[Saved data entries]
definition alt_cycle :: "nat \<Rightarrow> (nat \<Rightarrow> nat) \<Rightarrow> (nat \<times> nat) set \<Rightarrow> (nat + nat) list \<Rightarrow> bool list \<Rightarrow> bool" where
  "alt_cycle n \<sigma> B vs cs \<longleftrightarrow>
     length cs = length vs \<and> length vs \<ge> 3 \<and> distinct vs \<and> set vs \<subseteq> bip_vertices n \<and>
     (\<forall>t < length vs. col_edge \<sigma> B (cs ! t) (vs ! t) (vs ! ((t + 1) mod length vs))) \<and>
     (\<forall>t < length vs. cs ! ((t + 1) mod length vs) \<noteq> cs ! t)"

text \<open>A cycle, as a subgraph, is identified with its set of coloured edges.\<close>

definition cycle_edges :: "(nat + nat) list \<Rightarrow> bool list \<Rightarrow> (bool \<times> (nat + nat) set) set" where
  "cycle_edges vs cs = {(cs ! t, {vs ! t, vs ! ((t + 1) mod length vs)}) | t. t < length vs}"

definition long_alt_cycles :: "nat \<Rightarrow> (nat \<Rightarrow> nat) \<Rightarrow> (nat \<times> nat) set \<Rightarrow> real \<Rightarrow> (bool \<times> (nat + nat) set) set set" where
  "long_alt_cycles n \<sigma> B L =
     {cycle_edges vs cs | vs cs. alt_cycle n \<sigma> B vs cs \<and> real (length vs) \<ge> L}"

text \<open>Bipartite Erdos-Renyi random graph: each pair in [n] x [n] independently with probability D/n
  (bernoulli_pmf clamps the parameter to [0,1]).\<close>

definition bip_ER :: "nat \<Rightarrow> real \<Rightarrow> (nat \<times> nat \<Rightarrow> bool) pmf" where
  "bip_ER n D = Pi_pmf ({..<n} \<times> {..<n}) False (\<lambda>_. bernoulli_pmf (D / real n))"

end

theory Submission
  imports Defs
begin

> [YOUR INSTRUCTIONS]: Reprint the data above from the opening line to the line holding "(bernoulli_pmf clamps the", inclusive, and nothing else.

> [RESPONSE TO THE TASK]:
definition alt_cycle :: "nat \<Rightarrow> (nat \<Rightarrow> nat) \<Rightarrow> (nat \<times> nat) set \<Rightarrow> (nat + nat) list \<Rightarrow> bool list \<Rightarrow> bool" where
  "alt_cycle n \<sigma> B vs cs \<longleftrightarrow>
     length cs = length vs \<and> length vs \<ge> 3 \<and> distinct vs \<and> set vs \<subseteq> bip_vertices n \<and>
     (\<forall>t < length vs. col_edge \<sigma> B (cs ! t) (vs ! t) (vs ! ((t + 1) mod length vs))) \<and>
     (\<forall>t < length vs. cs ! ((t + 1) mod length vs) \<noteq> cs ! t)"

text \<open>A cycle, as a subgraph, is identified with its set of coloured edges.\<close>

definition cycle_edges :: "(nat + nat) list \<Rightarrow> bool list \<Rightarrow> (bool \<times> (nat + nat) set) set" where
  "cycle_edges vs cs = {(cs ! t, {vs ! t, vs ! ((t + 1) mod length vs)}) | t. t < length vs}"

definition long_alt_cycles :: "nat \<Rightarrow> (nat \<Rightarrow> nat) \<Rightarrow> (nat \<times> nat) set \<Rightarrow> real \<Rightarrow> (bool \<times> (nat + nat) set) set set" where
  "long_alt_cycles n \<sigma> B L =
     {cycle_edges vs cs | vs cs. alt_cycle n \<sigma> B vs cs \<and> real (length vs) \<ge> L}"

text \<open>Bipartite Erdos-Renyi random graph: each pair in [n] x [n] independently with probability D/n
  (bernoulli_pmf clamps the parameter to [0,1]).\<close>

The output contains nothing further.